§ ACTIVITY: In the entries that follow, find every line containing "shows" and copy it.

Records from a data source
++++

lemma uniform_linearization:
  fixes F :: "'a::real_normed_vector \<Rightarrow> 'b::real_normed_vector"
  assumes "open U" "p0 \<in> U" "\<And>p. p \<in> U \<Longrightarrow> (F has_derivative F' p) (at p)"
    and "opnorm_continuous_within U F' p0" "\<epsilon> > 0"
  obtains \<rho> where "\<rho> > 0" "ball p0 \<rho> \<subseteq> U"
    "\<And>p q. p \<in> ball p0 \<rho> \<Longrightarrow> q \<in> ball p0 \<rho> \<Longrightarrow> norm (F q - F p - F' p (q - p)) \<le> \<epsilon> * norm (q - p)"
proof -
  obtain \<rho>1 where "\<rho>1 > 0" and \<rho>1: "\<forall>p\<in>U. dist p p0 < \<rho>1 \<longrightarrow> (\<forall>h. norm (F' p h - F' p0 h) \<le> \<epsilon>/2 * norm h)"
    using assms(4)[unfolded opnorm_continuous_within_def, rule_format, of "\<epsilon>/2"] assms(5) by auto
  obtain \<rho>2 where "\<rho>2 > 0" "ball p0 \<rho>2 \<subseteq> U"
    using assms(1,2) open_contains_ball by blast
  define \<rho> where "\<rho> = min \<rho>1 \<rho>2"
  have B: "ball p0 \<rho> \<subseteq> U" using \<open>ball p0 \<rho>2 \<subseteq> U\<close> unfolding \<rho>_def by auto
  have close: "norm (F' w h - F' p0 h) \<le> \<epsilon>/2 * norm h" if "w \<in> ball p0 \<rho>" for w h
    using \<rho>1 B that unfolding \<rho>_def by (auto simp: dist_commute)
  have "norm (F q - F p - F' p (q - p)) \<le> norm (q - p) * \<epsilon>"
    if p: "p \<in> ball p0 \<rho>" and q: "q \<in> ball p0 \<rho>" for p q
  proof (rule differentiable_bound_linearization[where S = "ball p0 \<rho>"])
    show "p + t *\<^sub>R (q - p) \<in> ball p0 \<rho>" if "t \<in> {0..1}" for t
      using convexD_alt[OF convex_ball p q, of t] that by (simp add: algebra_simps)
    show "(F has_derivative F' w) (at w within ball p0 \<rho>)" if "w \<in> ball p0 \<rho>" for w
      using assms(3) B that has_derivative_at_withinI by blast
    show "onorm (F' w - F' p) \<le> \<epsilon>" if "w \<in> ball p0 \<rho>" for w
    proof (rule onorm_bound)
      show "0 \<le> \<epsilon>" using assms(5) by simp
      fix h
      have "norm ((F' w - F' p) h) \<le> norm (F' w h - F' p0 h) + norm (F' p h - F' p0 h)"
        using norm_triangle_ineq4[of "F' w h - F' p0 h" "F' p h - F' p0 h"] by simp
      also have "\<dots> \<le> \<epsilon> * norm h"
        using close[OF that, of h] close[OF p, of h] by simp
      finally show "norm ((F' w - F' p) h) \<le> \<epsilon> * norm h" .
    qed
  qed (rule p)
  then show thesis
    using that[of \<rho>] B \<open>\<rho>1 > 0\<close> \<open>\<rho>2 > 0\<close> unfolding \<rho>_def by (simp add: mult.commute)
qed
(* Let $F$ be a formally real field, $L=F(I)$ with $I^2=-1$, let $\mathfrak k$ be the maximal compact subalgebra of a Kac--Moody algebra over $F$ with simply laced diagram $D$ on vertices $v_1,\dots,v_n$, labelled so that $\{v_1,\dots,v_r\}$ is an inclusion-maximal independent set. Let $\rho:\mathfrak k\to\operatorname{End}_L(V)$, $V=L^{m}$ with $m=2^{n-r}$, be the generalized spin representation obtained by starting with $X_i\mapsto\tfrac12 I\in\operatorname{End}(L^1)$ for $i\le r$ and successively, for $t=r,r+1,\dots,n-1$, extending a generalized spin representation $\rho_t$ of $\mathfrak k_{\le t}$ on $L^{s}$ to $\mathfrak k_{\le t+1}$ on $L^{s}\oplus L^{s}$ by $\rho_{t+1}|_{\mathfrak k_{\le t}}=\rho_t\oplus(\rho_t\circ s_0)$ and $\rho_{t+1}(X_{t+1})=\begin{pmatrix}0&\tfrac12I\,\mathrm{id}_s\\ \tfrac12I\,\mathrm{id}_s&0\end{pmatrix}$, where $s_0(X_i)=-X_i$ if $v_i$ is adjacent to $v_{t+1}$ and $s_0(X_i)=X_i$ otherwise. Then the $F$-Lie algebra $\operatorname{im}(\rho)\subseteq\operatorname{End}_L(V)$ is reductive. If moreover $D$ has no isolated vertices, then $\operatorname{im}(\rho)$ is semisimple.
   Context: A field is formally real if $-1$ is not a sum of squares. A set of vertices is independent if it spans no edge. $\mathfrak k_{\le t}$ denotes the Lie algebra with generators $X_1,\dots,X_t$ and relations $[X_i,[X_i,X_j]]=-X_j$ for adjacent $v_i,v_j$, $[X_i,X_j]=0$ for non-adjacent $i\ne j$ ($i,j\le t$); for $t=n$ this is $\mathfrak k$ by Berman's theorem ($X_i=e_i-f_i$). A generalized spin representation is a Lie algebra homomorphism $\rho$ into $\operatorname{End}(L^s)$ with $\rho(X_i)^2=-\tfrac14\mathrm{id}_s$ for all generators. *)

theory Defs
  imports "Jordan_Normal_Form.Matrix"
begin
(* There is an absolute constant $C$ such that for every integer $d\ge2$, every $n$, every $t$ and all sets $S_1,\dots,S_t\subseteq[n]$, the function $f\colon\mathbb F_2^n\to\{0,1\}$ defined by $f(x)=1$ if $\big|\{j\in[t]: \exists i\in S_j,\ x_i=1\}\big|\ge d+1$ and $f(x)=0$ otherwise satisfies $R^{lin}_{1/3}(f)\le C d^2\log d$.
   Context: For $S\subseteq[n]$, $\chi_S(x)=\sum_{i\in S}x_i\pmod 2$. Exact randomized $\mathbb F_2$-sketch complexity: for $f\colon\mathbb F_2^n\to\mathbb R$ and $\delta\in[0,1]$, $R^{lin}_\delta(f)$ is the smallest integer $k$ such that there exists a probability distribution over $k$-tuples of subsets $\mathbf S_1,\dots,\mathbf S_k\subseteq[n]$ and a function $g\colon\mathbb F_2^k\to\mathbb R$ with $\Pr_{\mathbf S_1,\dots,\mathbf S_k}[g(\chi_{\mathbf S_1}(x),\dots,\chi_{\mathbf S_k}(x))=f(x)]\ge1-\delta$ for every $x\in\mathbb F_2^n$. *)

theory Defs
  imports "HOL-Probability.Probability"
begin

text \<open>Vectors in F_2^n are modelled as functions nat => bool that vanish
  outside [n] = {0..<n}; the value True stands for 1 in F_2.\<close>

definition cube :: "nat \<Rightarrow> (nat \<Rightarrow> bool) set" where
  "cube n = {x. \<forall>i\<ge>n. \<not> x i}"

definition chi :: "nat set \<Rightarrow> (nat \<Rightarrow> bool) \<Rightarrow> bool" where
  "chi S x = odd (card {i \<in> S. x i})"

definition sketchable :: "nat \<Rightarrow> ((nat \<Rightarrow> bool) \<Rightarrow> real) \<Rightarrow> real \<Rightarrow> nat \<Rightarrow> bool" where
  "sketchable n f \<delta> k \<longleftrightarrow>
     (\<exists>(P :: nat set list pmf) (g :: bool list \<Rightarrow> real).
        (\<forall>Ss \<in> set_pmf P. length Ss = k \<and> (\<forall>S \<in> set Ss. S \<subseteq> {..<n})) \<and>
        (\<forall>x \<in> cube n.
           measure_pmf.prob P {Ss. g (map (\<lambda>S. chi S x) Ss) = f x} \<ge> 1 - \<delta>))"

definition R_lin :: "nat \<Rightarrow> ((nat \<Rightarrow> bool) \<Rightarrow> real) \<Rightarrow> real \<Rightarrow> nat" where
  "R_lin n f \<delta> = (LEAST k. sketchable n f \<delta> k)"

end

theory Submission
  imports Defs "HOL-Analysis.Harmonic_Numbers"
begin

text \<open>Hash the \<open>t\<close> sets into \<open>B\<close> buckets by a uniformly random function \<open>h\<close>, and test each
  bucket \<open>r\<close> times: a test is the parity \<open>chi (T \<inter> U) x\<close> for a uniformly random \<open>T \<subseteq> [n]\<close>,
  where \<open>U\<close> is the union of the sets in the bucket. Such a parity is always 0 if \<open>x\<close>
  vanishes on \<open>U\<close> and is 1 with probability 1/2 otherwise. The decoder counts the buckets
  with an odd test. It never overcounts, since an odd test exhibits a set of the bucket
  that \<open>x\<close> hits; it undercounts only if \<open>h\<close> is not injective on some fixed \<open>d + 1\<close> hit sets
  (probability at most \<open>(d + 1)\<^sup>2 / B\<close>) or one of their buckets has only even tests
  (probability at most \<open>(d + 1) / 2\<^sup>r\<close>). Taking \<open>B = 6(d + 1)\<^sup>2\<close> and \<open>2\<^sup>r \<ge> 6(d + 1)\<close>
  gives error at most 1/3 with \<open>B r = O(d\<^sup>2 log d)\<close> parities.\<close>

lemma card_Pow_even_eq_odd:
  assumes "finite V" "i \<in> V" "i \<in> W"
  shows "card {A \<in> Pow V. even (card (A \<inter> W))} = card {A \<in> Pow V. odd (card (A \<inter> W))}"
proof -
  let ?toggle = "\<lambda>A. sym_diff A {i}"
  have parity: "even (card (?toggle A \<inter> W)) \<longleftrightarrow> odd (card (A \<inter> W))" if "A \<subseteq> V" for A
  proof (cases "i \<in> A")
    case True
    then have "?toggle A \<inter> W = (A \<inter> W) - {i}" by auto
    moreover have "i \<in> A \<inter> W" "finite (A \<inter> W)" using True assms that finite_subset by auto
    ultimately have "card (A \<inter> W) = Suc (card (?toggle A \<inter> W))"
      by (metis card_Suc_Diff1)
    then show ?thesis by simp
  next
    case False
    then have "?toggle A \<inter> W = insert i (A \<inter> W)" using assms by auto
    moreover have "finite (A \<inter> W)" using assms that finite_subset by blast
    ultimately show ?thesis using False by simp
  qed
  have "bij_betw ?toggle {A \<in> Pow V. even (card (A \<inter> W))} {A \<in> Pow V. odd (card (A \<inter> W))}"
    by (rule bij_betw_byWitness[where f' = ?toggle]) (use assms parity in auto)
  then show ?thesis by (rule bij_betw_same_card)
qed

lemma prob_even_card_Int_Pow:
  assumes "finite V" "V \<inter> W \<noteq> {}"
  shows "measure_pmf.prob (pmf_of_set (Pow V)) {A. even (card (A \<inter> W))} = 1/2"
proof -
  obtain i where i: "i \<in> V" "i \<in> W" using assms(2) by blast
  let ?E = "{A \<in> Pow V. even (card (A \<inter> W))}" and ?O = "{A \<in> Pow V. odd (card (A \<inter> W))}"
  have "card (Pow V) = card ?E + card ?O"
    using assms(1) by (subst card_Un_disjoint[symmetric]) (auto intro!: arg_cong[where f = card])
  then have "card (Pow V) = 2 * card ?E" using card_Pow_even_eq_odd[OF assms(1) i] by simp
  moreover have "Pow V \<inter> {A. even (card (A \<inter> W))} = ?E" by auto
  moreover have "card ?E \<noteq> 0" using assms(1) by (auto intro!: exI[of _ "{}"])
  ultimately show ?thesis using assms(1) by (simp add: measure_pmf_of_set Pow_not_empty)
qed
lemma l1_norm_transpose: "l1_norm (transpose A) = l1_norm A"
  unfolding l1_norm_def transpose_def by (simp, rule sum.swap)

lemma l1_norm_mat_1: "l1_norm (Finite_Cartesian_Product.mat 1 :: real^'k::finite^'k) = CARD('k)"
  unfolding l1_norm_def Finite_Cartesian_Product.mat_def by (simp add: if_distrib cong: if_cong)

lemma row_l1_le_l1_norm: "(\<Sum>j\<in>UNIV. \<bar>A $ i $ j\<bar>) \<le> l1_norm A"
  unfolding l1_norm_def by (rule member_le_sum[where f = "\<lambda>i. \<Sum>j\<in>UNIV. \<bar>A $ i $ j\<bar>"]) (auto intro: sum_nonneg)

lemma l1_norm_mult: "l1_norm (A ** B) \<le> l1_norm A * l1_norm B"
proof -
  have "l1_norm (A ** B) \<le> (\<Sum>i\<in>UNIV. \<Sum>j\<in>UNIV. \<Sum>k\<in>UNIV. \<bar>A $ i $ k\<bar> * \<bar>B $ k $ j\<bar>)"
    unfolding l1_norm_def matrix_matrix_mult_def
    by (auto intro!: sum_mono order.trans[OF sum_abs] simp: abs_mult)
  also have "\<dots> = (\<Sum>i\<in>UNIV. \<Sum>k\<in>UNIV. \<bar>A $ i $ k\<bar> * (\<Sum>j\<in>UNIV. \<bar>B $ k $ j\<bar>))"
    by (simp add: sum_distrib_left, intro sum.cong refl, rule sum.swap)
  also have "\<dots> \<le> (\<Sum>i\<in>UNIV. \<Sum>k\<in>UNIV. \<bar>A $ i $ k\<bar> * l1_norm B)"
    by (intro sum_mono mult_left_mono row_l1_le_l1_norm) auto
  also have "\<dots> = l1_norm A * l1_norm B" unfolding l1_norm_def by (simp add: sum_distrib_right)
  finally show ?thesis .
qed

lemma l1_norm_mult3: "l1_norm (A ** B ** C) \<le> l1_norm A * l1_norm B * l1_norm C"
  by (meson l1_norm_mult l1_norm_nonneg mult_right_mono order_trans)

lemma l1_norm_congruence: "l1_norm (transpose L ** N ** L) \<le> l1_norm L ^ 2 * l1_norm N"
  using l1_norm_mult3[of "transpose L" N L] by (simp add: l1_norm_transpose power2_eq_square mult_ac)

lemma l1_norm_congruence_diff_le:
  "l1_norm (transpose A ** W ** A - transpose B ** W ** B)
     \<le> l1_norm (A - B) * l1_norm W * (l1_norm A + l1_norm B)"
proof -
  have "transpose A ** W ** A - transpose B ** W ** B
      = transpose (A - B) ** W ** A + transpose B ** W ** (A - B)"
    by (simp add: matrix_distribs transpose_diff)
  then have "l1_norm (transpose A ** W ** A - transpose B ** W ** B)
      \<le> l1_norm (transpose (A - B) ** W ** A) + l1_norm (transpose B ** W ** (A - B))"
    by (simp add: l1_norm_add)
  also have "\<dots> \<le> l1_norm (A - B) * l1_norm W * l1_norm A + l1_norm B * l1_norm W * l1_norm (A - B)"
    by (intro add_mono order_trans[OF l1_norm_mult3]) (simp_all add: l1_norm_transpose)
  finally show ?thesis by (simp add: algebra_simps)
qed
lemma poly_char_poly_bordered_mat:
  fixes c :: "nat \<Rightarrow> real"
  assumes s: "s \<ge> 2" and x1: "x + 2 \<noteq> 0" and x2: "x + 2 - 2 * real s \<noteq> 0"
  defines "S1 \<equiv> \<Sum>k\<in>{0..<s}. c k" and "S2 \<equiv> \<Sum>k\<in>{0..<s}. c k ^ 2"
  shows "poly (char_poly (bordered_mat s c)) x =
    (x + 2) ^ (s - 2) * ((x + 2) * (x + 2 - 2 * real s) * x - (x + 2 - 2 * real s) * S2 - 2 * S1 ^ 2)"
proof -
  define M where "M = mat (Suc s) (Suc s) (\<lambda>(i, j). (if i = j then x else 0) - bordered_mat s c $$ (i, j))"
  have M: "M \<in> carrier_mat (Suc s) (Suc s)" unfolding M_def by auto
  have M_entry: "M $$ (i, j) = (if i = j then x else 0) -
     (if i < s \<and> j < s then (if i = j then 0 else 2) else if i < s then c i else if j < s then c j else 0)"
    if "i < Suc s" "j < Suc s" for i j
    using that by (simp add: M_def bordered_mat_def)
  \<comment> \<open>\<open>M\<close> maps \<open>(w, 1)\<close> to a multiple of the last unit vector\<close>
  define t where "t = 2 * S1 / (x + 2 - 2 * real s)"
  have t: "t * (x + 2 - 2 * real s) = 2 * S1" unfolding t_def using x2 by simp
  define w where "w k = (c k + t) / (x + 2)" for k
  have "(\<Sum>k\<in>{0..<s}. M $$ (i, k) * w k) + M $$ (i, s) = 0" if i: "i < s" for i
  proof -
    have "(\<Sum>k\<in>{0..<s}. M $$ (i, k) * w k) = (\<Sum>k\<in>{0..<s}. (if k = i then (x + 2) * w k else 0) - 2 * w k)"
      by (rule sum.cong) (auto simp: M_entry i less_SucI algebra_simps)
    also have "\<dots> = (c i + t) - 2 * (S1 + real s * t) / (x + 2)"
      using i x1 by (simp add: sum_subtractf sum_distrib_left[symmetric] w_def S1_def
          sum_divide_distrib[symmetric] sum.distrib)
    also have "2 * (S1 + real s * t) / (x + 2) = t"
      using x1 t by (simp add: field_simps)
    finally show ?thesis using i by (simp add: M_entry)
  qed
  then have "det M = ((\<Sum>k\<in>{0..<s}. M $$ (s, k) * w k) + M $$ (s, s)) * det (mat_delete M s s)"
    by (rule det_last_column_elim[OF M])
  also have "(\<Sum>k\<in>{0..<s}. M $$ (s, k) * w k) + M $$ (s, s) = x - (S2 + t * S1) / (x + 2)"
  proof -
    have "(\<Sum>k\<in>{0..<s}. M $$ (s, k) * w k) = - (\<Sum>k\<in>{0..<s}. c k * w k)"
      by (simp add: M_entry sum_negf[symmetric])
    also have "(\<Sum>k\<in>{0..<s}. c k * w k) = (S2 + t * S1) / (x + 2)"
      unfolding w_def S1_def S2_def
      by (simp add: sum_divide_distrib[symmetric] sum.distrib algebra_simps sum_distrib_left power2_eq_square)
    finally show ?thesis by (simp add: M_entry)
  qed
  also have "mat_delete M s s = mat s s (\<lambda>(i, j). if i = j then x else -2)"
    by (rule eq_matI) (use M in \<open>auto simp: mat_delete_def M_entry\<close>)
  also have "det \<dots> = (x + 2) ^ (s - 1) * (x + 2 - 2 * real s)"
    using det_const_diag_const_offdiag[of s x "-2"] s by (simp add: algebra_simps)
  also have "(x + 2) ^ (s - 1) = (x + 2) ^ (s - 2) * (x + 2)"
    using s by (metis Suc_1 Suc_diff_Suc Suc_le_lessD power_Suc2)
  finally have "det M = (x + 2) ^ (s - 2) * (((x - (S2 + t * S1) / (x + 2)) * (x + 2)) * (x + 2 - 2 * real s))"
    by (simp only: mult_ac)
  also have "(x - (S2 + t * S1) / (x + 2)) * (x + 2) = (x + 2) * x - S2 - t * S1"
    using x1 by (simp add: field_simps)
  also have "((x + 2) * x - S2 - t * S1) * (x + 2 - 2 * real s)
      = (x + 2) * (x + 2 - 2 * real s) * x - (x + 2 - 2 * real s) * S2 - S1 * (t * (x + 2 - 2 * real s))"
    by (simp add: algebra_simps)
  finally show ?thesis
    unfolding poly_char_poly_eq_det[OF bordered_mat_carrier] M_def[symmetric] t by (simp add: power2_eq_square)
qed

lemma poly_eq_cofinite:
  fixes p q :: "real poly"
  assumes "finite F" and "\<And>x. x \<notin> F \<Longrightarrow> poly p x = poly q x"
  shows "p = q"
proof (rule ccontr)
  assume "p \<noteq> q"
  then have "finite {x. poly (p - q) x = 0}" by (intro poly_roots_finite) simp
  moreover have "UNIV - F \<subseteq> {x. poly (p - q) x = 0}" using assms(2) by auto
  ultimately have "finite (UNIV :: real set)"
    using assms(1) by (metis Diff_infinite_finite finite_subset)
  then show False by (simp add: infinite_UNIV_char_0)
qed

lemma char_poly_bordered_mat:
  fixes c :: "nat \<Rightarrow> real"
  assumes s: "s \<ge> 2"
  defines "S1 \<equiv> \<Sum>k\<in>{0..<s}. c k" and "S2 \<equiv> \<Sum>k\<in>{0..<s}. c k ^ 2"
  shows "char_poly (bordered_mat s c) = [:2, 1:] ^ (s - 2) *
    [:2 * (real s - 1) * S2 - 2 * S1 ^ 2, 4 - 4 * real s - S2, 4 - 2 * real s, 1:]"
proof (rule poly_eq_cofinite[of "{-2, 2 * real s - 2}"])
  fix x :: real assume "x \<notin> {-2, 2 * real s - 2}"
  then have "x + 2 \<noteq> 0" "x + 2 - 2 * real s \<noteq> 0" by auto
  then show "poly (char_poly (bordered_mat s c)) x = poly ([:2, 1:] ^ (s - 2) *
      [:2 * (real s - 1) * S2 - 2 * S1 ^ 2, 4 - 4 * real s - S2, 4 - 2 * real s, 1:]) x"
    unfolding S1_def S2_def using poly_char_poly_bordered_mat[OF s]
    by (simp add: algebra_simps power2_eq_square)
qed simp

definition root_count :: "real set \<Rightarrow> real poly \<Rightarrow> nat" where
  "root_count S p = (\<Sum>a\<in>{a \<in> S. poly p a = 0}. order a p)"

lemma num_neg_eigs_root_count: "num_neg_eigs A = root_count {..<0} (char_poly A)"
  unfolding num_neg_eigs_def root_count_def by (simp add: conj_commute)

lemma num_pos_eigs_root_count: "num_pos_eigs A = root_count {0<..} (char_poly A)"
  unfolding num_pos_eigs_def root_count_def by (simp add: conj_commute)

++++

§ RESPONSE AREA:
  shows "card {A \<in> Pow V. even (card (A \<inter> W))} = card {A \<in> Pow V. odd (card (A \<inter> W))}"
  shows "measure_pmf.prob (pmf_of_set (Pow V)) {A. even (card (A \<inter> W))} = 1/2"
  shows "poly (char_poly (bordered_mat s c)) x =
  shows "p = q"
  shows "char_poly (bordered_mat s c) = [:2, 1:] ^ (s - 2) *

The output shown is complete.